Stored items
————————

(* Let $\alpha \in [0,1)$ and $k \in \{0,\dots,m-1\}$, and let $\mathbf{S}_k = (S_k,\dots,S_k)$. For every monotone total order $T$ on $\Omega$, $$B_{T_h}^*(\mathbf{S}_k) \le B_T^*(\mathbf{S}_k) \le B_{T_\ell}^*(\mathbf{S}_k);$$ that is, among all pessimal bounds $B_T^*$ for monotone total orders $T$, the value at $\mathbf{S}_k$ is lowest for $T = T_h$ and highest for $T = T_\ell$.
   Context: Fix integers $m \ge 2$, $n \ge 1$ and reals $S_{\min} < S_{\max}$; $S = \{S_0,\dots,S_{m-1}\}$ with $S_k = S_{\min} + k\frac{S_{\max}-S_{\min}}{m-1}$. $\mathcal{F}$ is the set of probability distributions on $S$, identified with the probability simplex in $\mathbb{R}^m$ with the Euclidean topology; $E[F]$ is the mean. $\Omega$ is the set of samples of size $n$ from $S$, identified with their sorted versions $x_{(1)} \le \dots \le x_{(n)}$. $P_F[\Omega']$ is the probability that the sorted sample of $n$ i.i.d. draws from $F$ lies in $\Omega' \subseteq \Omega$; $\mathcal{G}(\Omega',\alpha) = \{F : P_F[\Omega'] > \alpha\}$ and $\mathcal{F}(\Omega',\alpha)$ is its closure. For a total order $T$ on $\Omega$, $\Omega(\mathbf{x},T) = \{\mathbf{y} : \mathbf{x} \le_T \mathbf{y}\}$ and the pessimal (conditionally optimal) bound is $B_T^*(\mathbf{x}) = \min\{E[F] : F \in \mathcal{F}(\Omega(\mathbf{x},T),\alpha)\}$ (standing assumption: the sets involved are nonempty). $\mathbf{x} \le \mathbf{y}$ means $x_{(j)} \le y_{(j)}$ for all $j$; $T$ is monotone if $\mathbf{x} \le \mathbf{y}$ implies $\mathbf{x} \le_T \mathbf{y}$. $T_\ell$ (low lexicographic): $\mathbf{x} \le_{T_\ell} \mathbf{y}$ iff $\mathbf{x}=\mathbf{y}$ or at the smallest index $j$ with $x_{(j)} \ne y_{(j)}$ we have $x_{(j)} < y_{(j)}$. $T_h$ (high lexicographic): same with the largest such index. *)

theory Defs
  imports "HOL-Analysis.Analysis"
begin

definition Sval :: "nat \<Rightarrow> real \<Rightarrow> real \<Rightarrow> nat \<Rightarrow> real" where
  "Sval m Smin Smax k = Smin + real k * (Smax - Smin) / (real m - 1)"

definition Ssupp :: "nat \<Rightarrow> real \<Rightarrow> real \<Rightarrow> real set" where
  "Ssupp m Smin Smax = Sval m Smin Smax ` {..<m}"

text \<open>Distributions on S: probability vectors (p 0, ..., p (m-1)), i.e. the simplex in R^m,
  embedded in nat => real (zero outside {..<m}) with the product topology, which on
  this set coincides with the Euclidean topology of R^m.\<close>
definition distrs :: "nat \<Rightarrow> (nat \<Rightarrow> real) set" where
  "distrs m = {p. (\<forall>i. 0 \<le> p i) \<and> (\<forall>i\<ge>m. p i = 0) \<and> (\<Sum>i<m. p i) = 1}"

definition mean :: "nat \<Rightarrow> real \<Rightarrow> real \<Rightarrow> (nat \<Rightarrow> real) \<Rightarrow> real" where
  "mean m Smin Smax p = (\<Sum>i<m. p i * Sval m Smin Smax i)"

text \<open>Samples of size n, identified with their sorted versions.\<close>
definition samples :: "nat \<Rightarrow> nat \<Rightarrow> real \<Rightarrow> real \<Rightarrow> real list set" where
  "samples m n Smin Smax = {xs. length xs = n \<and> sorted xs \<and> set xs \<subseteq> Ssupp m Smin Smax}"

text \<open>Probability that the sorted sample of n i.i.d. draws from p lies in Om'.\<close>
definition probF :: "nat \<Rightarrow> nat \<Rightarrow> real \<Rightarrow> real \<Rightarrow> (nat \<Rightarrow> real) \<Rightarrow> real list set \<Rightarrow> real" where
  "probF m n Smin Smax p Om' =
     (\<Sum>ys \<in> {ys. set ys \<subseteq> {..<m} \<and> length ys = n}.
        if sort (map (Sval m Smin Smax) ys) \<in> Om' then prod_list (map p ys) else 0)"

definition Gset :: "nat \<Rightarrow> nat \<Rightarrow> real \<Rightarrow> real \<Rightarrow> real list set \<Rightarrow> real \<Rightarrow> (nat \<Rightarrow> real) set" where
  "Gset m n Smin Smax Om' \<alpha> = {p \<in> distrs m. probF m n Smin Smax p Om' > \<alpha>}"

definition Fset :: "nat \<Rightarrow> nat \<Rightarrow> real \<Rightarrow> real \<Rightarrow> real list set \<Rightarrow> real \<Rightarrow> (nat \<Rightarrow> real) set" where
  "Fset m n Smin Smax Om' \<alpha> = closure (Gset m n Smin Smax Om' \<alpha>)"

definition upset :: "real list set \<Rightarrow> (real list \<times> real list) set \<Rightarrow> real list \<Rightarrow> real list set" where
  "upset Om T x = {y \<in> Om. (x, y) \<in> T}"

definition pess_bound :: "nat \<Rightarrow> nat \<Rightarrow> real \<Rightarrow> real \<Rightarrow> real \<Rightarrow> (real list \<times> real list) set \<Rightarrow> real list \<Rightarrow> real" where
  "pess_bound m n Smin Smax \<alpha> T x =
     Inf (mean m Smin Smax ` Fset m n Smin Smax (upset (samples m n Smin Smax) T x) \<alpha>)"

definition monotone_order :: "real list set \<Rightarrow> (real list \<times> real list) set \<Rightarrow> bool" where
  "monotone_order Om T \<longleftrightarrow>
     (\<forall>x\<in>Om. \<forall>y\<in>Om. (\<forall>j<length x. x ! j \<le> y ! j) \<longrightarrow> (x, y) \<in> T)"

definition T_low :: "real list set \<Rightarrow> (real list \<times> real list) set" where
  "T_low Om = {(x, y). x \<in> Om \<and> y \<in> Om \<and>
     (x = y \<or> (\<exists>j<length x. (\<forall>i<j. x ! i = y ! i) \<and> x ! j < y ! j))}"

definition T_high :: "real list set \<Rightarrow> (real list \<times> real list) set" where
  "T_high Om = {(x, y). x \<in> Om \<and> y \<in> Om \<and>
     (x = y \<or> (\<exists>j<length x. (\<forall>i. j < i \<and> i < length x \<longrightarrow> x ! i = y ! i) \<and> x ! j < y ! j))}"

end

theory Submission
  imports Defs
begin

text \<open>For a constant sample \<open>x = (S\<^sub>k, \<dots>, S\<^sub>k)\<close> the up-sets are nested,
  \<open>\<Omega>(x,T\<^sub>\<ell>) \<subseteq> \<Omega>(x,T) \<subseteq> \<Omega>(x,T\<^sub>h)\<close>, for every monotone total order \<open>T\<close>:
  a sorted sample above \<open>x\<close> in the low lexicographic order dominates \<open>x\<close> componentwise,
  and a sample above \<open>x\<close> in \<open>T\<close> either has some (hence its last) entry above \<open>S\<^sub>k\<close>, which
  puts it above \<open>x\<close> in the high lexicographic order, or is dominated by \<open>x\<close> and then equals
  \<open>x\<close> by antisymmetry. Enlarging \<open>\<Omega>'\<close> enlarges \<open>P\<^sub>F[\<Omega>']\<close>, hence \<open>\<F>(\<Omega>',\<alpha>)\<close>, hence
  lowers the minimal mean over it.\<close>

lemma Sval_ge_Smin:
  assumes "m \<ge> 2" "Smin < Smax"
  shows "Smin \<le> Sval m Smin Smax i"
  using assms unfolding Sval_def by simp

lemma continuous_on_mean: "continuous_on UNIV (mean m Smin Smax)"
  unfolding mean_def
  by (intro continuous_intros continuous_on_product_then_coordinatewise continuous_on_id)

lemma mean_ge_Smin:
  assumes "m \<ge> 2" "Smin < Smax" "p \<in> distrs m"
  shows "Smin \<le> mean m Smin Smax p"
proof -
  have "Smin = (\<Sum>i<m. p i * Smin)"
    using assms(3) unfolding distrs_def by (simp add: sum_distrib_right[symmetric])
  also have "\<dots> \<le> mean m Smin Smax p"
    using assms(3) Sval_ge_Smin[OF assms(1,2)] unfolding mean_def distrs_def
    by (intro sum_mono mult_left_mono) auto
  finally show ?thesis .
qed

lemma Fset_subset_mean_ge_Smin:
  assumes "m \<ge> 2" "Smin < Smax"
  shows "Fset m n Smin Smax A \<alpha> \<subseteq> {p. Smin \<le> mean m Smin Smax p}"
  unfolding Fset_def
proof (rule closure_minimal)
  show "Gset m n Smin Smax A \<alpha> \<subseteq> {p. Smin \<le> mean m Smin Smax p}"
    using mean_ge_Smin[OF assms] unfolding Gset_def by auto
  show "closed {p. Smin \<le> mean m Smin Smax p}"
    by (rule closed_Collect_le) (auto intro: continuous_on_mean)
qed

lemma probF_mono:
  assumes "p \<in> distrs m" "A \<subseteq> B"
  shows "probF m n Smin Smax p A \<le> probF m n Smin Smax p B"
  unfolding probF_def using assms
  by (intro sum_mono) (auto intro!: prod_list_nonneg simp: distrs_def)

lemma Fset_mono:
  assumes "A \<subseteq> B"
  shows "Fset m n Smin Smax A \<alpha> \<subseteq> Fset m n Smin Smax B \<alpha>"
  unfolding Fset_def Gset_def
  using probF_mono[OF _ assms, of _ m n Smin Smax] by (intro closure_mono) fastforce

lemma point_mass_in_Gset:
  assumes "j < m" "\<alpha> < 1" "replicate n (Sval m Smin Smax j) \<in> A"
  shows "(\<lambda>i. if i = j then 1 else 0) \<in> Gset m n Smin Smax A \<alpha>"
proof -
  define p :: "nat \<Rightarrow> real" where "p = (\<lambda>i. if i = j then 1 else 0)"
  define L where "L = {ys. set ys \<subseteq> {..<m} \<and> length ys = n}"
  have p_distr: "p \<in> distrs m"
    using assms(1) unfolding distrs_def p_def by (auto simp: sum.delta)
  have "replicate n j \<in> L" "finite L"
    using assms(1) finite_lists_length_eq[of "{..<m}" n] unfolding L_def by auto
  moreover have "sort (map (Sval m Smin Smax) (replicate n j)) = replicate n (Sval m Smin Smax j)"
    by (simp add: sorted_sort_id)
  ultimately have "1 \<le> probF m n Smin Smax p A"
    using assms(3) p_distr unfolding probF_def L_def[symmetric]
    by (intro member_le_sum[of "replicate n j", THEN order_trans[rotated]])
       (auto intro!: prod_list_nonneg simp: distrs_def p_def)
  then show ?thesis
    using p_distr assms(2) unfolding Gset_def p_def by auto
qed

text \<open>The real \<^const>\<open>Inf\<close> is junk on empty or unbounded sets; the point-mass sample
  makes the smaller \<open>\<F>\<close> nonempty, and \<open>Smin\<close> bounds the means from below.\<close>

lemma pess_bound_antimono:
  assumes "m \<ge> 2" "Smin < Smax" "\<alpha> < 1" "j < m"
    and "replicate n (Sval m Smin Smax j) \<in> upset (samples m n Smin Smax) T x"
    and "upset (samples m n Smin Smax) T x \<subseteq> upset (samples m n Smin Smax) T' x"
  shows "pess_bound m n Smin Smax \<alpha> T' x \<le> pess_bound m n Smin Smax \<alpha> T x"
  unfolding pess_bound_def
proof (rule cInf_superset_mono)
  show "mean m Smin Smax ` Fset m n Smin Smax (upset (samples m n Smin Smax) T x) \<alpha> \<noteq> {}"
    using point_mass_in_Gset[OF assms(4,3,5)] closure_subset unfolding Fset_def by blast
  show "bdd_below (mean m Smin Smax ` Fset m n Smin Smax (upset (samples m n Smin Smax) T' x) \<alpha>)"
    using Fset_subset_mean_ge_Smin[OF assms(1,2)] unfolding bdd_below_def by blast
  show "mean m Smin Smax ` Fset m n Smin Smax (upset (samples m n Smin Smax) T x) \<alpha>
      \<subseteq> mean m Smin Smax ` Fset m n Smin Smax (upset (samples m n Smin Smax) T' x) \<alpha>"
    using Fset_mono[OF assms(6)] by (rule image_mono)
qed

lemma replicate_Sval_in_samples:
  "k < m \<Longrightarrow> replicate n (Sval m Smin Smax k) \<in> samples m n Smin Smax"
  unfolding samples_def Ssupp_def by auto

lemma T_low_replicate_imp_le:
  assumes "sorted y" "length y = n" "(replicate n s, y) \<in> T_low Om"
  shows "\<forall>i<n. s \<le> y ! i"
proof (cases "y = replicate n s")
  case False
  then obtain j where j: "j < n" "\<forall>i<j. s = y ! i" "s < y ! j"
    using assms(3) unfolding T_low_def by auto
  show ?thesis
  proof (intro allI impI)
    fix i assume "i < n"
    then show "s \<le> y ! i"
      using j assms(1,2) sorted_nth_mono[of y j i] by (cases "i < j") auto
  qed
qed simp

lemma upset_T_low_subset_upset:
  assumes "monotone_order Om T" "\<forall>y\<in>Om. sorted y \<and> length y = n" "replicate n s \<in> Om"
  shows "upset Om (T_low Om) (replicate n s) \<subseteq> upset Om T (replicate n s)"
proof
  fix y assume "y \<in> upset Om (T_low Om) (replicate n s)"
  then have y: "y \<in> Om" "(replicate n s, y) \<in> T_low Om" unfolding upset_def by auto
  then have "\<forall>j<length (replicate n s). replicate n s ! j \<le> y ! j"
    using assms(2) T_low_replicate_imp_le by auto
  then show "y \<in> upset Om T (replicate n s)"
    using assms(1,3) y(1) unfolding upset_def monotone_order_def by blast
qed

lemma upset_subset_upset_T_high:
  assumes "antisym T" "monotone_order Om T" "\<forall>y\<in>Om. sorted y \<and> length y = n"
    and "replicate n s \<in> Om"
  shows "upset Om T (replicate n s) \<subseteq> upset Om (T_high Om) (replicate n s)"
proof
  fix y assume "y \<in> upset Om T (replicate n s)"
  then have y: "y \<in> Om" "(replicate n s, y) \<in> T" unfolding upset_def by auto
  then have y_sorted: "sorted y" "length y = n" using assms(3) by auto
  have "y = replicate n s \<or> n \<noteq> 0 \<and> s < y ! (n - 1)"
  proof (cases "\<exists>j<n. s < y ! j")
    case True
    then obtain j where "j < n" "s < y ! j" by blast
    moreover have "y ! j \<le> y ! (n - 1)"
      using \<open>j < n\<close> y_sorted by (intro sorted_nth_mono) auto
    ultimately show ?thesis by simp
  next
    case False
    have "\<forall>j<length y. y ! j \<le> replicate n s ! j"
    proof (intro allI impI)
      fix j assume "j < length y"
      then show "y ! j \<le> replicate n s ! j" using False y_sorted by auto
    qed
    then have "(y, replicate n s) \<in> T"
      using assms(2,4) y(1) unfolding monotone_order_def by blast
    then show ?thesis using y(2) assms(1) unfolding antisym_def by blast
  qed
  then show "y \<in> upset Om (T_high Om) (replicate n s)"
    using y(1) assms(4) unfolding upset_def T_high_def by (auto intro!: exI[of _ "n - 1"])
qed

theorem corollary1:
  fixes m n k :: nat and Smin Smax \<alpha> :: real and T :: "(real list \<times> real list) set"
  assumes "m \<ge> 2" and "n \<ge> 1" and "Smin < Smax"
    and "0 \<le> \<alpha>" and "\<alpha> < 1" and "k < m"
    and "linear_order_on (samples m n Smin Smax) T"
    and "monotone_order (samples m n Smin Smax) T"
  shows "pess_bound m n Smin Smax \<alpha> (T_high (samples m n Smin Smax))
             (replicate n (Sval m Smin Smax k))
           \<le> pess_bound m n Smin Smax \<alpha> T (replicate n (Sval m Smin Smax k))
       \<and> pess_bound m n Smin Smax \<alpha> T (replicate n (Sval m Smin Smax k))
           \<le> pess_bound m n Smin Smax \<alpha> (T_low (samples m n Smin Smax))
             (replicate n (Sval m Smin Smax k))"
proof -
  define Om where "Om = samples m n Smin Smax"
  define x where "x = replicate n (Sval m Smin Smax k)"
  have x_in: "x \<in> Om" unfolding x_def Om_def using assms(6) by (rule replicate_Sval_in_samples)
  have Om_sorted: "\<forall>y\<in>Om. sorted y \<and> length y = n" unfolding Om_def samples_def by auto
  have "antisym T" using assms(7) unfolding linear_order_on_def partial_order_on_def by blast
  have low_sub: "upset Om (T_low Om) x \<subseteq> upset Om T x"
    using upset_T_low_subset_upset[OF assms(8)[folded Om_def] Om_sorted] x_in unfolding x_def by blast
  have high_sup: "upset Om T x \<subseteq> upset Om (T_high Om) x"
    using upset_subset_upset_T_high[OF \<open>antisym T\<close> assms(8)[folded Om_def] Om_sorted] x_in
    unfolding x_def by blast
  have x_in_low: "x \<in> upset Om (T_low Om) x" using x_in unfolding upset_def T_low_def by simp
  have "pess_bound m n Smin Smax \<alpha> (T_high Om) x \<le> pess_bound m n Smin Smax \<alpha> T x"
    by (rule pess_bound_antimono[OF assms(1,3,5,6), where n = n, folded x_def Om_def])
       (use low_sub high_sup x_in_low in auto)
  moreover have "pess_bound m n Smin Smax \<alpha> T x \<le> pess_bound m n Smin Smax \<alpha> (T_low Om) x"
    by (rule pess_bound_antimono[OF assms(1,3,5,6), where n = n, folded x_def Om_def])
       (use low_sub x_in_low in auto)
  ultimately show ?thesis unfolding Om_def x_def by simp
qed

end
section \<open>Optimising over the measurement directions\<close>

definition gram_plus_outer :: "(nat \<Rightarrow> nat \<Rightarrow> real) \<Rightarrow> (nat \<Rightarrow> real) \<Rightarrow> real mat" where
  "gram_plus_outer T y = transpose_mat (mat 3 3 (\<lambda>(i, j). T i j)) * mat 3 3 (\<lambda>(i, j). T i j)
     + mat 3 3 (\<lambda>(i, j). y i * y j)"

lemma gram_plus_outer_carrier: "gram_plus_outer T y \<in> carrier_mat 3 3"
  by (simp add: gram_plus_outer_def)

lemma index_gram_plus_outer:
  "i < 3 \<Longrightarrow> j < 3 \<Longrightarrow> gram_plus_outer T y $$ (i, j) = (\<Sum>a<3. T a i * T a j) + y i * y j"
  by (simp add: gram_plus_outer_def scalar_prod_def atLeast0LessThan)

lemma gram_plus_outer_symmetric:
  "\<forall>i<3. \<forall>j<3. gram_plus_outer T y $$ (i, j) = gram_plus_outer T y $$ (j, i)"
  by (simp add: index_gram_plus_outer mult.commute)

lemma quad_form3_gram_plus_outer:
  "quad_form3 (gram_plus_outer T y) v = sq_norm3 (\<lambda>a. \<Sum>j<3. T a j * v j) + (\<Sum>j<3. y j * v j)^2"
proof -
  have "quad_form3 (gram_plus_outer T y) v = (\<Sum>i<3. \<Sum>j<3. v i * ((\<Sum>a<3. T a i * T a j) + y i * y j) * v j)"
    unfolding quad_form3_def bilinear_form3_def by (simp add: index_gram_plus_outer)
  also have "\<dots> = sq_norm3 (\<lambda>a. \<Sum>j<3. T a j * v j) + (\<Sum>j<3. y j * v j)^2"
    unfolding sq_norm3_def by (simp add: sum_lessThan_3 power2_eq_square algebra_simps)
  finally show ?thesis .
qed

lemma inner_sq_le_sq_norm3: "unit3 k \<Longrightarrow> (\<Sum>i<3. k$i * w i)^2 \<le> sq_norm3 w"
  using Cauchy_Schwarz_ineq_sum[of "\<lambda>i. k$i" w "{..<3}"] by (simp add: unit3_def sq_norm3_def)

lemma exists_unit3_inner_sq_eq: "\<exists>k. unit3 k \<and> (\<Sum>i<3. k$i * w i)^2 = sq_norm3 w"
proof (cases "sq_norm3 w = 0")
  case True
  then show ?thesis
    by (intro exI[of _ "unit_vec 3 0"]) (simp add: unit3_def sum_lessThan_3 sq_norm3_eq_0)
next
  case False
  define r where "r = sqrt (sq_norm3 w)"
  have r: "r > 0" "r^2 = sq_norm3 w" unfolding r_def using False sq_norm3_nonneg[of w] by auto
  define k where "k = vec 3 (\<lambda>i. w i / r)"
  have "(\<Sum>i<3. (k$i)^2) = sq_norm3 w / r^2"
    unfolding k_def sq_norm3_def by (simp add: power_divide sum_divide_distrib)
  then have "unit3 k" using r False unfolding unit3_def k_def by simp
  moreover have "(\<Sum>i<3. k$i * w i) = sq_norm3 w / r"
    unfolding k_def sq_norm3_def by (simp add: power2_eq_square sum_divide_distrib)
  then have "(\<Sum>i<3. k$i * w i)^2 = sq_norm3 w"
    using r False by (simp add: power_divide power2_eq_square)
  ultimately show ?thesis by blast
qed
(* Let $\mathsf{T}$ be a rooted plane tree and $\delta\in\mathcal{O}(\mathsf{T})$. (i) For every $v\in\mathsf{T}$ and every $u\in M_\delta(v)$, the ornamentation $\delta_u^v$ is covered by $\delta$ in $\mathcal{O}(\mathsf{T})$. (ii) For every ornamentation $\delta'$ covered by $\delta$ in $\mathcal{O}(\mathsf{T})$, there exist $v\in\mathsf{T}$ and $u\in M_\delta(v)$ such that $\delta'=\delta_u^v$. (iii) For all $v\in\mathsf{T}$, $\mathsf{Pop}(\delta)(v)=\bigcap_{u\in M_\delta(v)}\delta_u^v(v)$ (where the empty intersection is interpreted as $\delta(v)$).
   Context: A rooted plane tree $\mathsf{T}$ is a finite tree with a distinguished root, regarded as a poset $\leq_\mathsf{T}$ in which $v'\leq_\mathsf{T} v$ iff $v$ lies on the path from $v'$ to the root. An ornament is a nonempty set of nodes inducing a connected subgraph. For a set $S$ of nodes and $u\in S$, $\Delta_S(u)=\{w\in S:w\leq_\mathsf{T} u\}$. An ornamentation is a map $\delta$ from $\mathsf{T}$ to ornaments such that the unique maximal element of $\delta(v)$ is $v$ and any two sets $\delta(v),\delta(v')$ are nested or disjoint. $\mathcal{O}(\mathsf{T})$ is the set of ornamentations ordered by $\delta\leq\delta'$ iff $\delta(v)\subseteq\delta'(v)$ for all $v$; it is a lattice with meet given by pointwise intersection. $\mathsf{Pop}(\delta)=\bigwedge(\{\delta\}\cup\{\delta':\delta'\lessdot\delta\})$. For distinct nodes $u,v$, $v$ wraps $u$ in $\delta$ if $\delta(u)\subseteq\delta(v)$ and there is no node $w$ with $\delta(u)\subsetneq\delta(w)\subsetneq\delta(v)$. When $v$ wraps $u$, the reduction of $\delta(v)$ by $u$ is $\delta(v)\setminus\Delta_{\delta(v)}(u)$, and $\delta_u^v$ is the ornamentation with $\delta_u^v(v)=\delta(v)\setminus\Delta_{\delta(v)}(u)$ and $\delta_u^v(w)=\delta(w)$ for $w\neq v$. A minimal reduction of $\delta(v)$ is a reduction of $\delta(v)$ (by some node wrapped by $v$) that is not properly contained in any other reduction of $\delta(v)$. $M_\delta(v)$ is the set of nodes $u\in\delta(v)$ wrapped by $v$ such that $\delta(v)\setminus\Delta_{\delta(v)}(u)$ is a minimal reduction of $\delta(v)$. *)

theory Defs
  imports Main
begin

————————

PROMPT: Which lines above contain the word "imports"? List them.

FINISHED TASK:
  imports "HOL-Analysis.Analysis"
  imports Defs
  imports Main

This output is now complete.